MG – Acampamento Maria da Conceição sofre ameaças e violações ambientais causadas pela mineração
UF: MG
Município Atingido: Itatiaiuçu (MG)
População: Agricultores familiares, Trabalhadores rurais sem terra
Atividades Geradoras do Conflito: Mineração, garimpo e siderurgia
Impactos Socioambientais: Alteração no regime tradicional de uso e ocupação do território, Falta / irregularidade na demarcação de território tradicional, Invasão / dano a área protegida ou unidade de conservação
Danos à Saúde: Insegurança alimentar, Piora na qualidade de vida
Síntese
O acampamento Maria da Conceição, localizado a aproximadamente 78 quilômetros da capital mineira, Belo Horizonte, é prioritariamente organizado por mulheres do Movimento dos Trabalhadores Rurais Sem Terra (MST), sendo um dos maiores produtores de hortaliças, frutas e legumes orgânicos da região. Conta também com uma escola e diferentes atividades culturais que fortalecem as atividades no campo.
A área está sendo alvo de especulação imobilária para fins mineráros. Antes da ocupação, pertencia à empresa Mineração e Metálicos S.A. (MMX), do Grupo EBX, do empresário Eike Batista. As terras encontravam-se abandonadas e a MMX falida. O MST apontou que a área sofreu constantes violações ambientais com a atividade mineradora frequente em seu solo. Em 2019, a ocupação continua sendo alvo de ameaças.
Contexto Ampliado
O acampamento Maria da Conceição está localizado no município de Itatiaiuçu, interior de Minas Gerais, a aproximadamente 78 quilômetros da região metropolitana de Belo Horizonte. Resultado da luta da Jornada das Mulheres do Movimento dos Trabalhadores Rurais Sem Terra (MST), o acampamento tem sido mantido com trabalho e organização coletiva, garantindo a produção de alimentos, construção de barracos e organização dos núcleos de base das famílias, além do forte envolvimento com a construção da Escola do Campo.
De acordo com o site Planeta MG, o acampamento Maria da Conceição teve sua fundação no dia 08 de março de 2017, Dia Internacional das Mulheres, durante a Jornada Nacional de Lutas das Mulheres. A ocupação foi organizada por mulheres do MST e famílias ligadas ao movimento. Segundo o jornal Brasil de Fato, há aproximadamente 600 pessoas na ocupação.
Na área onde hoje é o acampamento, tem sido realizado um importante trabalho de recuperação da terra, antes abandonada, improdutiva e desmatada.
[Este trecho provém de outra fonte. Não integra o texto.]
(* Let $K=2$ and suppose that for every horizon $T$ (a multiple of $100$) a valid pair $(\eta,\gamma)=(\eta_T,\gamma_T)$ in the non-trivial regime is chosen. Then there exists $T_0$ such that for all $T\ge T_0$, WSU-UX run on the two-phase loss sequence satisfies $\mathbb{E}[\pi_{t,1}]\le \frac{1}{KT}$ for every round $t$ with $\frac{T_1}{2}\le t\le T_1$.
   Context: WSU-UX. Fix integers $K\ge 2$ and $T\ge 1$ and hyperparameters $\eta,\gamma$. The pair $(\eta,\gamma)$ is called valid if $\eta,\gamma\in(0,1/2)$ and $\eta K/\gamma\le 1/2$. Given a fixed loss sequence $\ell_t\in[0,1]^K$, WSU-UX sets $\pi_{1,i}=1/K$ and in each round $t$: forms $\tilde\pi_{t,i}=(1-\gamma)\pi_{t,i}+\gamma/K$; draws $I_t$ with $\Pr(I_t=i\mid\mathcal F_{t-1})=\tilde\pi_{t,i}$; sets $\hat\ell_{t,i}=\ell_{t,i}\mathbf 1[I_t=i]/\tilde\pi_{t,i}$; and updates $\pi_{t+1,i}=\pi_{t,i}\bigl(1-\eta(\hat\ell_{t,i}-\sum_{j}\pi_{t,j}\hat\ell_{t,j})\bigr)$; $\mathcal F_t$ is the history generated by $I_1,\dots,I_t$. Non-trivial regime: $\eta\ge T^{-2/3}$ and $\gamma\le T^{-1/3}$. Two-phase loss sequence ($K=2$, $T$ a multiple of $100$, $T_1=T/100$): $\ell_{t,1}=1,\ell_{t,2}=0$ for $1\le t\le T_1$ and $\ell_{t,1}=0,\ell_{t,2}=1$ for $T_1<t\le T$. *)

theory Defs
  imports Complex_Main
begin

text \<open>Arms are indexed 1..K. A history of the first t-1 draws is stored as a list
  with the most recent draw first: [I_(t-1), ..., I_1]. The loss sequence is
  ell t i (round t >= 1, arm i).\<close>

fun wsu_pi :: "nat \<Rightarrow> real \<Rightarrow> real \<Rightarrow> (nat \<Rightarrow> nat \<Rightarrow> real) \<Rightarrow> nat list \<Rightarrow> nat \<Rightarrow> real" where
  "wsu_pi K eta gamma ell [] i = 1 / real K"
| "wsu_pi K eta gamma ell (I # h) i =
     (let p = wsu_pi K eta gamma ell h;
          t = length h + 1;
          pt = (\<lambda>j. (1 - gamma) * p j + gamma / real K);
          lhat = (\<lambda>j. if j = I then ell t j / pt j else 0)
      in p i * (1 - eta * (lhat i - (\<Sum>j\<in>{1..K}. p j * lhat j))))"

definition wsu_pit :: "nat \<Rightarrow> real \<Rightarrow> real \<Rightarrow> (nat \<Rightarrow> nat \<Rightarrow> real) \<Rightarrow> nat list \<Rightarrow> nat \<Rightarrow> real" where
  "wsu_pit K eta gamma ell h i = (1 - gamma) * wsu_pi K eta gamma ell h i + gamma / real K"

fun hist_prob :: "nat \<Rightarrow> real \<Rightarrow> real \<Rightarrow> (nat \<Rightarrow> nat \<Rightarrow> real) \<Rightarrow> nat list \<Rightarrow> real" where
  "hist_prob K eta gamma ell [] = 1"
| "hist_prob K eta gamma ell (I # h) = hist_prob K eta gamma ell h * wsu_pit K eta gamma ell h I"

definition expected_pi :: "nat \<Rightarrow> real \<Rightarrow> real \<Rightarrow> (nat \<Rightarrow> nat \<Rightarrow> real) \<Rightarrow> nat \<Rightarrow> nat \<Rightarrow> real" where
  "expected_pi K eta gamma ell t i =
     (\<Sum>h\<in>{h. length h = t - 1 \<and> set h \<subseteq> {1..K}}.
        hist_prob K eta gamma ell h * wsu_pi K eta gamma ell h i)"

definition valid_pair :: "nat \<Rightarrow> real \<Rightarrow> real \<Rightarrow> bool" where
  "valid_pair K eta gamma \<longleftrightarrow>
     0 < eta \<and> eta < 1/2 \<and> 0 < gamma \<and> gamma < 1/2 \<and> eta * real K / gamma \<le> 1/2"

definition nontrivial_regime :: "nat \<Rightarrow> real \<Rightarrow> real \<Rightarrow> bool" where
  "nontrivial_regime T eta gamma \<longleftrightarrow>
     eta \<ge> real T powr (-2/3) \<and> gamma \<le> real T powr (-1/3)"

definition two_phase_loss :: "nat \<Rightarrow> nat \<Rightarrow> nat \<Rightarrow> real" where
  "two_phase_loss T t i =
     (if t \<le> T div 100 then (if i = 1 then 1 else 0) else (if i = 1 then 0 else 1))"

end

theory Submission imports Defs "HOL-Real_Asymp.Real_Asymp" begin

text \<open>While arm 1 has loss 1 and arm 2 loss 0, drawing arm 2 leaves the weights unchanged,
  and drawing arm 1 (which happens with probability pt = (1-\<gamma>) p + \<gamma>/2, where p = \<pi>(1))
  multiplies p by 1 - \<eta>(1-p)/pt. Averaging over the draw, the conditional expectation of the
  next p is p - \<eta> p (1-p) \<le> (1 - \<eta>/2) p, thanks to the invariant p \<le> 1/2, which holds because
  \<eta>K/\<gamma> \<le> 1/2 keeps the multiplier in [1/2, 1]. Hence E[\<pi>(t,1)] \<le> (1 - \<eta>/2)^(t-1) / 2, and for
  t \<ge> T/200 and \<eta> \<ge> T^(-2/3) this is at most exp(-T^(1/3)/800) / 2 \<le> 1/(2T) once T is large.\<close>

lemma sum_histories_Suc:
  "(\<Sum>h\<in>{h. length h = Suc n \<and> set h \<subseteq> A}. f h) =
   (\<Sum>h\<in>{h. length h = n \<and> set h \<subseteq> A}. \<Sum>I\<in>A. f (I # h))"
proof -
  let ?H = "{h. length h = n \<and> set h \<subseteq> A}"
  have split: "{h. length h = Suc n \<and> set h \<subseteq> A} = (\<lambda>(I, h). I # h) ` (A \<times> ?H)"
    by (auto simp: length_Suc_conv image_iff)
  have "inj_on (\<lambda>(I, h). I # h) (A \<times> ?H)"
    by (auto simp: inj_on_def)
  then have "(\<Sum>h\<in>{h. length h = Suc n \<and> set h \<subseteq> A}. f h) = (\<Sum>(I, h)\<in>A \<times> ?H. f (I # h))"
    unfolding split by (subst sum.reindex) (simp_all add: case_prod_beta)
  also have "\<dots> = (\<Sum>I\<in>A. \<Sum>h\<in>?H. f (I # h))"
    by (rule sum.cartesian_product[symmetric])
  also have "\<dots> = (\<Sum>h\<in>?H. \<Sum>I\<in>A. f (I # h))"
    by (rule sum.swap)
  finally show ?thesis .
qed

declare wsu_pi.simps(2) [simp del]

lemma wsu_pi_Cons_zero_loss:
  assumes "ell (length h + 1) I = 0"
  shows "wsu_pi K e g ell (I # h) i = wsu_pi K e g ell h i"
  using assms by (simp add: wsu_pi.simps Let_def cong: if_cong)

lemma sum_atLeastAtMost_1_2: "(\<Sum>j\<in>{1..2::nat}. f j) = f 1 + (f 2 :: real)"
  by (simp add: numeral_2_eq_2)

lemma wsu_pi_Cons_unit_loss:
  fixes e g :: real
  assumes "ell (length h + 1) 1 = 1"
  defines "p \<equiv> wsu_pi 2 e g ell h 1"
    and "pt \<equiv> wsu_pit 2 e g ell h 1"
  shows "wsu_pi 2 e g ell (1 # h) 1 = p * (1 - e * (1 - p) / pt)"
    and "wsu_pi 2 e g ell (1 # h) 2 = wsu_pi 2 e g ell h 2 * (1 + e * p / pt)"
  unfolding assms(2,3) wsu_pi.simps Let_def sum_atLeastAtMost_1_2 wsu_pit_def
  using assms(1) by (simp_all add: diff_divide_distrib right_diff_distrib)

context
  fixes e g :: real and ell :: "nat \<Rightarrow> nat \<Rightarrow> real" and n :: nat
  assumes valid: "valid_pair 2 e g"
    and arm1_loses: "\<And>t. 1 \<le> t \<Longrightarrow> t \<le> n \<Longrightarrow> ell t 1 = 1 \<and> ell t 2 = 0"
begin

lemma wsu_pit_pos:
  assumes "0 \<le> wsu_pi 2 e g ell h i"
  shows "0 < wsu_pit 2 e g ell h i"
  unfolding wsu_pit_def using valid assms
  by (intro add_nonneg_pos mult_nonneg_nonneg) (auto simp: valid_pair_def)

lemma arm1_step_size_bounds:
  assumes "0 < p" "p \<le> 1"
  shows "0 \<le> e * (1 - p) / ((1 - g) * p + g / 2)" "e * (1 - p) / ((1 - g) * p + g / 2) \<le> 1/2"
proof -
  have e: "0 < e" and g: "0 < g" "g < 1/2" and eg: "e * 2 / g \<le> 1/2"
    using valid by (auto simp: valid_pair_def)
  have pt: "g / 2 \<le> (1 - g) * p + g / 2" using assms g by simp
  show "0 \<le> e * (1 - p) / ((1 - g) * p + g / 2)" using assms e g by simp
  have "e * (1 - p) / ((1 - g) * p + g / 2) \<le> e / (g / 2)"
    using assms e g pt by (intro frac_le) auto
  also have "\<dots> = e * 2 / g" by simp
  also have "\<dots> \<le> 1/2" by (fact eg)
  finally show "e * (1 - p) / ((1 - g) * p + g / 2) \<le> 1/2" .
qed

lemma wsu_pi_phase1_invariant:
  assumes "set h \<subseteq> {1..2}" "length h \<le> n"
  shows "0 < wsu_pi 2 e g ell h 1 \<and> wsu_pi 2 e g ell h 1 \<le> 1/2
         \<and> wsu_pi 2 e g ell h 1 + wsu_pi 2 e g ell h 2 = 1"
  using assms
proof (induction h)
  case Nil
  then show ?case by simp
next
  case (Cons I h)
  define p where "p = wsu_pi 2 e g ell h 1"
  define m where "m = e * (1 - p) / wsu_pit 2 e g ell h 1"
  have p: "0 < p" "p \<le> 1/2" "wsu_pi 2 e g ell h 2 = 1 - p"
    using Cons by (auto simp: p_def)
  have loss: "ell (length h + 1) 1 = 1" "ell (length h + 1) 2 = 0"
    using arm1_loses[of "length h + 1"] Cons.prems by auto
  have pt: "0 < wsu_pit 2 e g ell h 1"
    using p by (intro wsu_pit_pos) (simp add: p_def)
  have m: "0 \<le> m" "m \<le> 1/2"
    using arm1_step_size_bounds[of p] p by (simp_all add: m_def wsu_pit_def p_def)
  consider "I = 1" | "I = 2" using Cons.prems by fastforce
  then show ?case
  proof cases
    case 1
    have new1: "wsu_pi 2 e g ell (1 # h) 1 = p * (1 - m)"
      using wsu_pi_Cons_unit_loss(1)[where ell = ell and h = h, OF loss(1)] by (simp add: m_def p_def)
    have new2: "wsu_pi 2 e g ell (1 # h) 2 = (1 - p) * (1 + e * p / wsu_pit 2 e g ell h 1)"
      using wsu_pi_Cons_unit_loss(2)[where ell = ell and h = h, OF loss(1)] p(3) by (simp add: p_def)
    have "p * (1 - m) + (1 - p) * (1 + e * p / wsu_pit 2 e g ell h 1) = 1"
      using pt by (simp add: m_def field_simps)
    moreover have "0 < p * (1 - m)" using p m by simp
    moreover have "p * (1 - m) \<le> 1/2" using mult_left_le[of "1 - m" p] p m by linarith
    ultimately show ?thesis using new1 new2 1 by simp
  next
    case 2
    then show ?thesis
      using wsu_pi_Cons_zero_loss[where ell = ell and h = h, OF loss(2)] p by (simp add: p_def)
  qed
qed

lemma hist_prob_phase1_nonneg:
  assumes "set h \<subseteq> {1..2}" "length h \<le> n"
  shows "0 \<le> hist_prob 2 e g ell h"
  using assms
proof (induction h)
  case Nil
  then show ?case by simp
next
  case (Cons I h)
  have "I = 1 \<or> I = 2" using Cons.prems by fastforce
  then have "0 \<le> wsu_pi 2 e g ell h I"
    using wsu_pi_phase1_invariant[of h] Cons.prems by auto
  then have "0 \<le> wsu_pit 2 e g ell h I"
    using valid by (simp add: wsu_pit_def valid_pair_def)
  then show ?case using Cons by simp
qed

lemma conditional_expectation_contracts:
  assumes "set h \<subseteq> {1..2}" "length h < n"
  shows "(\<Sum>I\<in>{1..2}. hist_prob 2 e g ell (I # h) * wsu_pi 2 e g ell (I # h) 1)
         \<le> (1 - e/2) * (hist_prob 2 e g ell h * wsu_pi 2 e g ell h 1)"
proof -
  define p where "p = wsu_pi 2 e g ell h 1"
  define w where "w = hist_prob 2 e g ell h"
  have p: "0 < p" "p \<le> 1/2" "wsu_pi 2 e g ell h 2 = 1 - p"
    using wsu_pi_phase1_invariant[of h] assms by (auto simp: p_def)
  have w: "0 \<le> w"
    using hist_prob_phase1_nonneg[of h] assms by (simp add: w_def)
  have loss: "ell (length h + 1) 1 = 1" "ell (length h + 1) 2 = 0"
    using arm1_loses[of "length h + 1"] assms by auto
  have pt: "0 < wsu_pit 2 e g ell h 1"
    using p by (intro wsu_pit_pos) (simp add: p_def)
  have pt2: "wsu_pit 2 e g ell h 2 = 1 - wsu_pit 2 e g ell h 1"
    unfolding wsu_pit_def p(3) by (simp add: p_def algebra_simps)
  have "(\<Sum>I\<in>{1..2}. hist_prob 2 e g ell (I # h) * wsu_pi 2 e g ell (I # h) 1)
        = w * (wsu_pit 2 e g ell h 1 * wsu_pi 2 e g ell (1 # h) 1
               + wsu_pit 2 e g ell h 2 * wsu_pi 2 e g ell (2 # h) 1)"
    unfolding sum_atLeastAtMost_1_2 by (simp add: w_def algebra_simps)
  also have "\<dots> = w * (wsu_pit 2 e g ell h 1 * (p * (1 - e * (1 - p) / wsu_pit 2 e g ell h 1))
                       + wsu_pit 2 e g ell h 2 * p)"
    using wsu_pi_Cons_unit_loss(1)[where ell = ell and h = h, OF loss(1)]
      wsu_pi_Cons_zero_loss[where ell = ell and h = h, OF loss(2)]
    by (simp add: p_def)
  also have "\<dots> = w * (p - e * p * (1 - p))"
    using pt by (simp add: pt2 field_simps)
  also have "\<dots> \<le> w * ((1 - e/2) * p)"
  proof -
    have "e * p * (1/2) \<le> e * p * (1 - p)"
      using p valid by (intro mult_left_mono) (auto simp: valid_pair_def)
    then show ?thesis using w by (intro mult_left_mono) (auto simp: algebra_simps)
  qed
  finally show ?thesis by (simp add: p_def w_def ac_simps)
qed

lemma expected_pi_phase1_decay:
  "k \<le> n \<Longrightarrow> expected_pi 2 e g ell (Suc k) 1 \<le> (1 - e/2) ^ k / 2"
proof (induction k)
  case 0
  have "{h :: nat list. length h = 0 \<and> set h \<subseteq> {1..2}} = {[]}" by auto
  then show ?case by (simp add: expected_pi_def)
next
  case (Suc k)
  let ?H = "{h. length h = k \<and> set h \<subseteq> {1..2::nat}}"
  have "expected_pi 2 e g ell (Suc (Suc k)) 1
        = (\<Sum>h\<in>?H. \<Sum>I\<in>{1..2}. hist_prob 2 e g ell (I # h) * wsu_pi 2 e g ell (I # h) 1)"
    unfolding expected_pi_def by (simp add: sum_histories_Suc)
  also have "\<dots> \<le> (\<Sum>h\<in>?H. (1 - e/2) * (hist_prob 2 e g ell h * wsu_pi 2 e g ell h 1))"
    using Suc.prems by (intro sum_mono conditional_expectation_contracts) auto
  also have "\<dots> = (1 - e/2) * expected_pi 2 e g ell (Suc k) 1"
    by (simp add: expected_pi_def sum_distrib_left)
  also have "\<dots> \<le> (1 - e/2) * ((1 - e/2) ^ k / 2)"
    using Suc valid by (intro mult_left_mono) (auto simp: valid_pair_def)
  finally show ?case by simp
qed

end

lemma eventually_ln_le_cube_root: "eventually (\<lambda>x::real. ln x \<le> x powr (1/3) / 800) at_top"
  by real_asymp

lemma one_minus_half_power_le_inverse:
  fixes e x :: real and k :: nat
  assumes x: "1 \<le> x" and ln_x: "ln x \<le> x powr (1/3) / 800"
    and e: "0 < e" "e < 1/2" "x powr (-2/3) \<le> e" and k: "x / 400 \<le> real k"
  shows "(1 - e/2) ^ k \<le> 1 / x"
proof -
  have "x / 400 * x powr (-2/3) = x powr (1/3) / 400"
    using x by (simp add: powr_mult_base)
  moreover have "x / 400 * x powr (-2/3) \<le> real k * e"
    using k e x by (intro mult_mono) auto
  ultimately have "ln x \<le> real k * e / 2"
    using ln_x by simp
  have "(1 - e/2) ^ k \<le> exp (-e/2) ^ k"
    using e by (intro power_mono) (auto simp: exp_ge_add_one_self[of "-e/2", simplified])
  also have "\<dots> = exp (- (real k * e / 2))"
    by (simp add: exp_of_nat_mult[symmetric])
  also have "\<dots> \<le> exp (- ln x)"
    using \<open>ln x \<le> real k * e / 2\<close> by simp
  also have "\<dots> = 1 / x"
    using x by (simp add: exp_minus inverse_eq_divide)
  finally show ?thesis .
qed

theorem mainTheorem13:
  fixes eta gamma :: "nat \<Rightarrow> real"
  assumes "\<And>T. T \<ge> 1 \<Longrightarrow> 100 dvd T \<Longrightarrow>
             valid_pair 2 (eta T) (gamma T) \<and> nontrivial_regime T (eta T) (gamma T)"
  shows "\<exists>T0. \<forall>T. T \<ge> T0 \<longrightarrow> T \<ge> 1 \<longrightarrow> 100 dvd T \<longrightarrow>
           (\<forall>t. real (T div 100) / 2 \<le> real t \<and> t \<le> T div 100 \<longrightarrow>
              expected_pi 2 (eta T) (gamma T) (two_phase_loss T) t 1 \<le> 1 / (2 * real T))"
proof -
  obtain N :: real where N: "\<And>x. N \<le> x \<Longrightarrow> ln x \<le> x powr (1/3) / 800"
    using eventually_ln_le_cube_root unfolding eventually_at_top_linorder by blast
  show ?thesis
  proof (intro exI[of _ "max 400 (nat \<lceil>N\<rceil>)"] allI impI, elim conjE)
    fix T t :: nat
    assume T: "max 400 (nat \<lceil>N\<rceil>) \<le> T" "1 \<le> T" "100 dvd T"
      and t: "real (T div 100) / 2 \<le> real t" "t \<le> T div 100"
    have valid: "valid_pair 2 (eta T) (gamma T)"
      and e: "real T powr (-2/3) \<le> eta T" "0 < eta T" "eta T < 1/2"
      using assms[OF T(2,3)] by (auto simp: nontrivial_regime_def valid_pair_def)
    have "real T / 200 \<le> real t"
      using t(1) T(3) by (simp add: real_of_nat_div)
    then have k: "real T / 400 \<le> real (t - 1)" and "t = Suc (t - 1)"
      using T(1) by (auto simp: of_nat_diff)
    have "expected_pi 2 (eta T) (gamma T) (two_phase_loss T) (Suc (t - 1)) 1
          \<le> (1 - eta T/2) ^ (t - 1) / 2"
      using t(2) by (intro expected_pi_phase1_decay[OF valid]) (auto simp: two_phase_loss_def)
    then have "expected_pi 2 (eta T) (gamma T) (two_phase_loss T) t 1 \<le> (1 - eta T/2) ^ (t - 1) / 2"
      using \<open>t = Suc (t - 1)\<close> by simp
    also have "\<dots> \<le> 1 / real T / 2"
      using one_minus_half_power_le_inverse[OF _ N e(2,3,1) k] T(1) by simp
    finally show "expected_pi 2 (eta T) (gamma T) (two_phase_loss T) t 1 \<le> 1 / (2 * real T)"
      by simp
  qed
qed

end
No local, agora são produzidas hortaliças, frutas, verduras e legumes. As hortas particulares ou comunitárias são livres de agrotóxicos, fertilizantes químicos mistos e sementes transgênicas. Utilizam o princípio da sustentabilidade, agroecologia e cultivo de alimentos saudáveis, totalmente orgânicos, desde o preparo da terra, a semeadura, com grãos crioulos, até a colheita manual. O acampamento abastece Belo Horizonte com alimentos orgânicos e sustenta as famílias ali residentes e organizadas em núcleos. Assim como outros acampamentos do MST, cada núcleo é responsável por realizar tarefas específicas que cada família executa em favor da comunidade, numa divisão coletiva do trabalho. Todos participam da construção nos lotes familiares quando os acampados não têm condições financeiras de erguerem seu próprio barraco.
Segundo informações do site Planeta MG, no acampamento há um espaço chamado Plenária, construído para ser utilizado pelo “Sim, Eu Posso!”, um programa de alfabetização de jovens e adultos e de reforço escolar para as crianças, além de servir também para as reuniões dos núcleos e eventos culturais. As aulas, ministradas por professores voluntários, acontecem de segunda a quinta-feira, com cerca de 60 alunos de várias idades. Aos finais de semana, são promovidos eventos culturais, como rodas de cantiga, cirandas e cultos ecumênicos.
As construções – tanto da Plenária, da Ciranda e do Galpão de Produção, em que são separados e armazenados os alimentos – têm participação de todos os acampados. No acampamento há também a Casa da Saúde, local onde são atendidas emergências. Todo o tratamento é realizado por meio de medicamentos fitoterápicos e advindo de conhecimentos tradicionais.
O Acampamento conta ainda com dois tanques experimentais de criação de tilápias, segundo matéria do site Planeta MG. Há a proposta de implementação de um projeto, por parte do Governo do Estado de Minas Gerais, o Programa de Segurança Alimentar (PSA), que visa a criação de aves, suínos e abelhas. No entanto, devido a problemas orçamentários, ainda não foram repassados recursos para que o projeto seja implantado no local.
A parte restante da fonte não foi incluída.